Linked to this issue is the growth of dollar deposits, which currently rose to $24,561 million, their highest level in five years.
You also look at the inflation, as Milei himself explained at the beginning of the week when he spoke to investors on Wall Street, during his time in the United States.
Sources consulted by Ámbito also point out that the external front needs to improve to advance in the exit from the stocks. This is reflected in the recent 50 basis point reduction by the United States Federal Reserve and the prospect of a review of the surcharges charged by the International Monetary Fund, which would imply savings of 300 million dollars annually.
Dialogue with the IMF
Although regular contacts are maintained between the Argentine authorities and the IMF staff, The strategy of the Ministry of Economy contemplates that formal conversations will only begin at the end of October to define a new agreement (the current one expires at the end of the year).
The date is not capriciousit is expected that at the end of next month the multilateral organization will finally decide to reduce the surcharges it applies to nations that are highly indebted.
Also in this matter of external debt, a study that circulated in recent days in official offices calculates that, even under adverse conditions (for example, a rise in interest rates), the primary surplus required to maintain the debt/GDP ratio constant It is approximate to that included in the 2025 Budget.
In other words, it is estimated that a surplus of 1.3% of GDP above primary expenditures is the fiscal effort necessary to ensure the sustainability of public debt.
The expectation of the team led by Luis Caputo is that Argentina, today considered “the best student of the Fund” obtain a favorable refinancing of your liabilities.
The strategists of La Libertad Avanza also hope that an eventual victory of Donald Trump at the beginning of November in the presidential elections of the United States (the country that has the greatest decision-making power on the IMF Board) will facilitate the granting of fresh money to the country.
One fact that is discussed internally in the Government is that the technicians were asked to calculate how much the foreign exchange reserves had to amount to in order to completely release the stocks without incidents.

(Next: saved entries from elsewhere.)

lemma eta_integrand_antiderivative:
  assumes "x > 0" "t + ln x > 0"
  shows "((\<lambda>x. - 1/(x * (t + ln x)^2)) has_real_derivative
           (eta_integrand t x + 2 * (eta_integrand t x / (t + ln x)))) (at x)"
proof -
  have D: "((\<lambda>x. - 1/(x * (t + ln x)^2)) has_real_derivative
     (-((- (2 * t) - 2 * ln x - (t + ln x)^2) / (x * (t + ln x)^2 * (x * (t + ln x)^2))))) (at x)"
    using assms by (auto intro!: derivative_eq_intros)
  define v where "v = t + ln x"
  have v: "v > 0" using assms v_def by simp
  have ee: "-(2 * t) - 2 * ln x = -2 * v" unfolding v_def by simp
  have "-((- (2 * t) - 2 * ln x - (t + ln x)^2) / (x * (t + ln x)^2 * (x * (t + ln x)^2)))
     = eta_integrand t x + 2 * (eta_integrand t x / (t + ln x))"
    unfolding ee eta_integrand_def v_def[symmetric] using v assms(1)
    by (simp add: field_simps power2_eq_square)
  with D show ?thesis by simp
qed

lemma has_integral_eta_integrand_combination:
  assumes c: "0 < c" "t + ln c > 0" and "c \<le> b"
  shows "((\<lambda>x. eta_integrand t x + 2 * (eta_integrand t x / (t + ln x))) has_integral
           (1/(c * (t + ln c)^2) - 1/(b * (t + ln b)^2))) {c..b}"
proof -
  have "((\<lambda>x. eta_integrand t x + 2 * (eta_integrand t x / (t + ln x))) has_integral
           ((- 1/(b * (t + ln b)^2)) - (- 1/(c * (t + ln c)^2)))) {c..b}"
  proof (rule fundamental_theorem_of_calculus[OF \<open>c \<le> b\<close>])
    fix x assume "x \<in> {c..b}"
    hence "x > 0" "t + ln x > 0" using c shifted_ln_pos_mono[OF c(1) _ c(2)] by auto
    from eta_integrand_antiderivative[OF this]
    show "((\<lambda>x. - 1/(x * (t + ln x)^2)) has_vector_derivative
            (eta_integrand t x + 2 * (eta_integrand t x / (t + ln x)))) (at x within {c..b})"
      by (simp add: has_real_derivative_iff_has_vector_derivative has_vector_derivative_at_within)
  qed
  thus ?thesis by simp
qed

lemma improper_integral_Ici_of_bounded_nonneg:
  fixes p :: "real \<Rightarrow> real"
  assumes cont: "continuous_on {a..} p" and nn: "\<And>x. x \<ge> a \<Longrightarrow> p x \<ge> 0"
    and bnd: "\<And>b. b \<ge> a \<Longrightarrow> integral {a..b} p \<le> B"
  shows "p integrable_on {a..}"
    and "(\<lambda>k. integral {a..a + real k} p) \<longlonglongrightarrow> integral {a..} p"
proof -
  have int: "p integrable_on {c..b}" if "c \<ge> a" for c b
    by (rule integrable_continuous_interval, rule continuous_on_subset[OF cont]) (use that in auto)
  define f where "f = (\<lambda>n x. if x \<in> {a..a + real n} then p x else 0)"
  have has_integral_f: "(f n has_integral (integral {a..a + real n} p)) {a..}" for n
    unfolding f_def
    by (metis (no_types, lifting) ext Icc_subset_Ici_iff order.refl
        has_integral_restrict int integrable_integral)
  hence eqf: "integral {a..} (f n) = integral {a..a + real n} p" for n
    using integral_unique by blast
  have *: "p integrable_on {a..} \<and> (\<lambda>n. integral {a..} (f n)) \<longlonglongrightarrow> integral {a..} p"
  proof (intro monotone_convergence_increasing allI ballI)
    show "f n integrable_on {a..}" for n using has_integral_f by blast
    show "f n x \<le> f (Suc n) x" for n x using nn by (auto simp: f_def)
  next
    fix x :: real assume x: "x \<in> {a..}"
    have "eventually (\<lambda>n. real n \<ge> x - a) at_top"
      by (meson eventually_sequentiallyI nat_ceiling_le_eq)
    with x have "eventually (\<lambda>n. f n x = p x) at_top"
      by (auto simp add: eventually_mono f_def)
    thus "(\<lambda>n. f n x) \<longlonglongrightarrow> p x" by (simp add: tendsto_eventually)
  next
    have "integral {a..a + real n} p \<ge> 0" for n
      by (rule integral_nonneg[OF int]) (auto intro: nn)
    hence "norm (integral {a..} (f n)) \<le> B" for n using bnd[of "a + real n"] by (simp add: eqf)
    thus "bounded (range (\<lambda>k. integral {a..} (f k)))"
      by (metis (no_types, lifting) boundedI rangeE)
  qed
  show "p integrable_on {a..}" using * by blast
  show "(\<lambda>k. integral {a..a + real k} p) \<longlonglongrightarrow> integral {a..} p"
    using * unfolding eqf by blast
qed

lemma sums_integral_unit_intervals:
  fixes p :: "real \<Rightarrow> real"
  assumes int: "\<And>b. p integrable_on {a..b}"
    and lim: "(\<lambda>k. integral {a..a + real k} p) \<longlonglongrightarrow> I"
  shows "(\<lambda>j. integral {a + real j..a + real j + 1} p) sums I"
proof -
  have "(\<Sum>j<k. integral {a + real j..a + real j + 1} p) = integral {a..a + real k} p" for k
  proof (induction k)
    case (Suc k)
    have "integral {a..a + real k} p + integral {a + real k..a + real k + 1} p
        = integral {a..a + real k + 1} p"
      by (rule Henstock_Kurzweil_Integration.integral_combine) (auto intro: int)
    moreover have "a + real (Suc k) = a + real k + 1" by simp
    ultimately show ?case unfolding sum.lessThan_Suc Suc.IH by (simp only:)
  qed simp
  thus ?thesis unfolding sums_def using lim by simp
qed
(* Let $b>0$, $L\in\mathbb{R}$, and let $f:[L,\infty)\to\mathbb{R}$ be twice differentiable and a tempered distribution on $[L,\infty)$ (i.e., $\int_L^\infty|f(x)s(x)|dx<\infty$ for all $s\in S(\mathbb{R})$). Let $\mu$ be a probability measure on $[L,\infty)$ such that $\int_L^\infty |f(q)|e^{(L-q)/b}d\mu(q)<\infty$. For $w:(-\infty,L]\to\mathbb{R}$ let $\tilde f[w]:\mathbb{R}\to\mathbb{R}$ be $\tilde f[w](x)=f(x)$ for $x\ge L$ and $\tilde f[w](x)=w(x)$ for $x<L$. Let $h:(-\infty,L]\to\mathbb{R}$ be twice continuously differentiable with $h,h',h''$ each bounded in absolute value by a polynomial on $(-\infty,L]$, and with $h(L)=f(L)$, $h'(L)=f'(L)$, $h''(L)=f''(L)$. Let $g=\tilde f[h]-b^2\tilde f[h]''$ and $$\alpha=\int_{-\infty}^{\infty}\int_{[L,\infty)}\big(g(x)-f(q)\big)^2\frac{1}{2b}e^{-|x-q|/b}\,d\mu(q)\,dx .$$ Then there exists a sequence of polynomials $(p_K)_{K\ge1}$ on $(-\infty,L]$ with $p_K(L)=f(L)$, $p_K'(L)=f'(L)$, $p_K''(L)=f''(L)$, such that the estimators $g_K=\tilde f[p_K]-b^2\tilde f[p_K]''$ satisfy $$\lim_{K\to\infty}\int_{-\infty}^{\infty}\int_{[L,\infty)}\big(g_K(x)-f(q)\big)^2\frac{1}{2b}e^{-|x-q|/b}\,d\mu(q)\,dx=\alpha .$$
   Context: The Schwartz space $S(\mathbb{R})$ is the set of $C^\infty$ functions $s:\mathbb{R}\to\mathbb{C}$ with $\sup_x|x^m s^{(n)}(x)|<\infty$ for all integers $m,n\ge0$. Derivatives of $\tilde f[w]$ at $x=L$ are well defined because the values and first two derivatives of $f$ and $w$ match at $L$; the value at the single point $L$ does not affect the integrals. *)

theory Defs
  imports "HOL-Analysis.Analysis" "HOL-Probability.Probability"
    "HOL-Computational_Algebra.Polynomial"
begin

definition schwartz :: "(real \<Rightarrow> complex) \<Rightarrow> bool" where
  "schwartz s \<longleftrightarrow> (\<exists>D :: nat \<Rightarrow> real \<Rightarrow> complex.
      D 0 = s \<and>
      (\<forall>n x. (D n has_vector_derivative D (Suc n) x) (at x)) \<and>
      (\<forall>m n. \<exists>C. \<forall>x. norm (complex_of_real (x ^ m) * D n x) \<le> C))"

definition poly_bounded_on :: "real set \<Rightarrow> (real \<Rightarrow> real) \<Rightarrow> bool" where
  "poly_bounded_on A u \<longleftrightarrow> (\<exists>P :: real poly. \<forall>x\<in>A. \<bar>u x\<bar> \<le> poly P x)"

text \<open>The loss functional
  int_R int_[L,inf) (g x - f q)^2 (1/(2b)) exp(-|x-q|/b) dmu(q) dx,
  as an extended nonnegative real (integrand is nonnegative).\<close>
definition kernel_loss ::
  "real measure \<Rightarrow> real \<Rightarrow> real \<Rightarrow> (real \<Rightarrow> real) \<Rightarrow> (real \<Rightarrow> real) \<Rightarrow> ennreal" where
  "kernel_loss \<mu> L b f g =
     (\<integral>\<^sup>+ x. (\<integral>\<^sup>+ q. ennreal ((g x - f q)^2 * (1 / (2*b)) * exp (- \<bar>x - q\<bar> / b))
                       * indicator {L..} q \<partial>\<mu>) \<partial>lborel)"

end

(*
  On [L, infinity) all the estimators coincide, so only x < L matters.  There the kernel,
  integrated against the probability mu over [L, infinity), is at most exp ((x - L) / b) / (2 b).
  Hence if the estimators g and g' differ by at most eps * exp ((L - x) / (4 b)) on
  (-infinity, L), Young's inequality gives  loss g \<le> (1 + eps) loss g' + 2 eps  and
  symmetrically, so losses converge in [0, infinity] as eps \<rightarrow> 0.  This never needs the
  losses to be finite.

  Polynomials p_K with g_K - g of that size exist: h'' is continuous and polynomially
  bounded, so it can be approximated by polynomials uniformly with respect to the weight
  exp (c (L - x)), c = 1 / (4 b).  After the substitution s = exp (x - L) this is the
  Weierstrass theorem on [0, 1], followed by Taylor approximation of the exponentials
  exp (a (x - L)) that the monomials s^i become.  Integrating the approximant of h'' twice
  from L, with the prescribed values at L, keeps the weighted error up to a factor 1 / c
  per integration.
*)

theory Submission
  imports Defs "HOL-Real_Asymp.Real_Asymp"
begin

section \<open>Weighted polynomial approximation on a half-line\<close>

definition weighted_approximable :: "real \<Rightarrow> real \<Rightarrow> (real \<Rightarrow> real) \<Rightarrow> bool" where
  "weighted_approximable c L \<phi> \<longleftrightarrow>
     (\<forall>\<delta>>0. \<exists>P :: real poly. \<forall>x\<le>L. \<bar>\<phi> x - poly P x\<bar> \<le> \<delta> * exp (c * (L - x)))"

lemma weighted_approximable_poly: "weighted_approximable c L (poly P)"
  unfolding weighted_approximable_def by (auto intro!: exI[of _ P])

lemma weighted_approximable_add:
  assumes "weighted_approximable c L \<phi>" "weighted_approximable c L \<psi>"
  shows "weighted_approximable c L (\<lambda>x. \<phi> x + \<psi> x)"
  unfolding weighted_approximable_def
proof (intro allI impI)
  fix \<delta> :: real
  assume "\<delta> > 0"
  then obtain P Q where
    P: "\<forall>x\<le>L. \<bar>\<phi> x - poly P x\<bar> \<le> \<delta>/2 * exp (c * (L - x))" and
    Q: "\<forall>x\<le>L. \<bar>\<psi> x - poly Q x\<bar> \<le> \<delta>/2 * exp (c * (L - x))"
    using assms unfolding weighted_approximable_def by (meson half_gt_zero)
  have "\<bar>\<phi> x + \<psi> x - poly (P + Q) x\<bar> \<le> \<delta> * exp (c * (L - x))" if "x \<le> L" for x
    using P Q that abs_diff_triangle_ineq[of "\<phi> x" "\<psi> x" "poly P x" "poly Q x"] by fastforce
  then show "\<exists>R. \<forall>x\<le>L. \<bar>\<phi> x + \<psi> x - poly R x\<bar> \<le> \<delta> * exp (c * (L - x))"
    by blast
qed

lemma weighted_approximable_cmult:
  assumes "weighted_approximable c L \<phi>"
  shows "weighted_approximable c L (\<lambda>x. a * \<phi> x)"
  unfolding weighted_approximable_def
proof (intro allI impI)
  fix \<delta> :: real
  assume "\<delta> > 0"
  then have "\<delta> / (\<bar>a\<bar> + 1) > 0" by simp
  then obtain P where P: "\<forall>x\<le>L. \<bar>\<phi> x - poly P x\<bar> \<le> \<delta> / (\<bar>a\<bar> + 1) * exp (c * (L - x))"
    using assms unfolding weighted_approximable_def by blast
  have "\<bar>a * \<phi> x - poly (smult a P) x\<bar> \<le> \<delta> * exp (c * (L - x))" if "x \<le> L" for x
  proof -
    have "\<bar>a * \<phi> x - poly (smult a P) x\<bar> = \<bar>a\<bar> * \<bar>\<phi> x - poly P x\<bar>"
      by (simp add: abs_mult[symmetric] right_diff_distrib)
    also have "\<dots> \<le> (\<bar>a\<bar> + 1) * (\<delta> / (\<bar>a\<bar> + 1) * exp (c * (L - x)))"
      using P that by (intro mult_mono) auto
    finally show ?thesis by simp
  qed
  then show "\<exists>R. \<forall>x\<le>L. \<bar>a * \<phi> x - poly R x\<bar> \<le> \<delta> * exp (c * (L - x))"
    by blast
qed

lemma weighted_approximable_sum:
  assumes "\<And>i. i \<in> A \<Longrightarrow> weighted_approximable c L (\<phi> i)"
  shows "weighted_approximable c L (\<lambda>x. \<Sum>i\<in>A. \<phi> i x)"
proof -
  have "(\<lambda>x. 0) = poly (0 :: real poly)"
    by auto
  then have zero: "weighted_approximable c L (\<lambda>x. 0)"
    using weighted_approximable_poly[of c L 0] by simp
  show ?thesis
  proof (cases "finite A")
    case True
    then show ?thesis using assms
      by (induction A rule: finite_induct) (simp_all add: zero weighted_approximable_add)
  qed (simp add: zero)
qed

lemma weighted_approximable_closed:
  assumes "\<And>\<delta>. \<delta> > 0 \<Longrightarrow>
    \<exists>\<psi>. weighted_approximable c L \<psi> \<and> (\<forall>x\<le>L. \<bar>\<phi> x - \<psi> x\<bar> \<le> \<delta> * exp (c * (L - x)))"
  shows "weighted_approximable c L \<phi>"
  unfolding weighted_approximable_def
proof (intro allI impI)
  fix \<delta> :: real
  assume \<delta>: "\<delta> > 0"
  then obtain \<psi> where "weighted_approximable c L \<psi>"
    and \<psi>: "\<forall>x\<le>L. \<bar>\<phi> x - \<psi> x\<bar> \<le> \<delta>/2 * exp (c * (L - x))"
    using assms[of "\<delta>/2"] by auto
  then obtain P where P: "\<forall>x\<le>L. \<bar>\<psi> x - poly P x\<bar> \<le> \<delta>/2 * exp (c * (L - x))"
    using \<delta> unfolding weighted_approximable_def by (meson half_gt_zero)
  have "\<bar>\<phi> x - poly P x\<bar> \<le> \<delta> * exp (c * (L - x))" if "x \<le> L" for x
    using \<psi> P that abs_triangle_ineq[of "\<phi> x - \<psi> x" "\<psi> x - poly P x"] by fastforce
  then show "\<exists>P. \<forall>x\<le>L. \<bar>\<phi> x - poly P x\<bar> \<le> \<delta> * exp (c * (L - x))"
    by blast
qed

lemma abs_le_exp_weight:
  fixes \<rho> x L :: real
  assumes "\<rho> > 0" "x \<le> L"
  shows "\<bar>x\<bar> \<le> (\<bar>L\<bar> + 1/\<rho>) * exp (\<rho> * (L - x))"
proof -
  have "\<rho> * (L - x) \<le> exp (\<rho> * (L - x))"
    using exp_ge_add_one_self[of "\<rho> * (L - x)"] by linarith
  then have "L - x \<le> exp (\<rho> * (L - x)) / \<rho>"
    using assms by (simp add: field_simps)
  moreover have "\<bar>L\<bar> \<le> \<bar>L\<bar> * exp (\<rho> * (L - x))"
    using assms by (simp add: mult_le_cancel_left1)
  ultimately show ?thesis
    using assms by (simp add: algebra_simps)
qed

lemma poly_bounded_by_exp_weight:
  fixes Q :: "real poly"
  assumes "\<rho> > 0"
  shows "\<exists>C>0. \<forall>x\<le>L. \<bar>poly Q x\<bar> \<le> C * exp (\<rho> * (L - x))"
  using assms
proof (induction Q arbitrary: \<rho>)
  case (pCons a Q)
  then obtain C where C: "C > 0" "\<forall>x\<le>L. \<bar>poly Q x\<bar> \<le> C * exp (\<rho>/2 * (L - x))"
    by (meson half_gt_zero)
  define D where "D = \<bar>L\<bar> + 2/\<rho>"
  have "\<bar>poly (pCons a Q) x\<bar> \<le> (\<bar>a\<bar> + D * C) * exp (\<rho> * (L - x))" if x: "x \<le> L" for x
  proof -
    have "\<bar>x * poly Q x\<bar> \<le> (D * exp (\<rho>/2 * (L - x))) * (C * exp (\<rho>/2 * (L - x)))"
      unfolding abs_mult using abs_le_exp_weight[of "\<rho>/2" x L] C x pCons.prems
      by (intro mult_mono) (auto simp: D_def)
    also have "\<dots> = D * C * exp (\<rho> * (L - x))"
      by (simp add: mult_ac exp_add[symmetric] field_simps)
    finally have "\<bar>x * poly Q x\<bar> \<le> D * C * exp (\<rho> * (L - x))" .
    moreover have "\<bar>a\<bar> \<le> \<bar>a\<bar> * exp (\<rho> * (L - x))"
      using x pCons.prems by (simp add: mult_le_cancel_left1)
    ultimately show ?thesis
      using abs_triangle_ineq[of a "x * poly Q x"] by (simp add: distrib_right)
  qed
  moreover have "\<bar>a\<bar> + D * C > 0"
    using pCons.prems C by (simp add: D_def add_nonneg_pos)
  ultimately show ?case by blast
qed (auto intro!: exI[of _ 1])

lemma power_div_fact_le_exp:
  fixes y :: real
  assumes "0 \<le> y"
  shows "y ^ N / fact N \<le> exp y"
proof -
  obtain t where "exp y = (\<Sum>m<Suc N. y ^ m / fact m) + exp t / fact (Suc N) * y ^ Suc N"
    using Maclaurin_exp_le[of y "Suc N"] by blast
  moreover have "0 \<le> (\<Sum>m<N. y ^ m / fact m)"
    using assms by (intro sum_nonneg) auto
  ultimately show ?thesis
    using assms by simp
qed

lemma exp_minus_taylor_le:
  fixes y :: real
  shows "\<bar>exp y - (\<Sum>m<N. y ^ m / fact m)\<bar> \<le> \<bar>y\<bar> ^ N / fact N * exp \<bar>y\<bar>"
proof -
  obtain t where t: "\<bar>t\<bar> \<le> \<bar>y\<bar>" "exp y = (\<Sum>m<N. y ^ m / fact m) + exp t / fact N * y ^ N"
    using Maclaurin_exp_le[of y N] by blast
  then have "\<bar>exp y - (\<Sum>m<N. y ^ m / fact m)\<bar> = exp t / fact N * \<bar>y\<bar> ^ N"
    by (simp add: abs_mult power_abs)
  also have "\<dots> \<le> exp \<bar>y\<bar> / fact N * \<bar>y\<bar> ^ N"
    using t(1) by (intro mult_right_mono divide_right_mono) auto
  finally show ?thesis by (simp add: mult_ac)
qed

definition exp_taylor_poly :: "real \<Rightarrow> real \<Rightarrow> nat \<Rightarrow> real poly" where
  "exp_taylor_poly a L N = (\<Sum>m<N. smult (a ^ m / fact m) ([:- L, 1:] ^ m))"

lemma poly_exp_taylor_poly:
  "poly (exp_taylor_poly a L N) x = (\<Sum>m<N. (a * (x - L)) ^ m / fact m)"
  by (simp add: exp_taylor_poly_def poly_sum power_mult_distrib)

The result was 35 billion dollars, “a figure that we could accumulate in seven years,” they ironically point out in the Ministry of Economy. Since no one plans to wait that long, they conclude that they will have to take a risk.
The economic team considers that, although the economy can continue to recover with restrictions, for activity to gain momentum it is necessary to remove the restrictions. “This is what will allow, for example, Argentina to once again be eligible for investment funds,” they point out in economic management.
Subject to the results obtained in these months, the Treasury Palace is working with the hypothesis of taking significant steps in the dismantling of the stocks with the beginning of next year.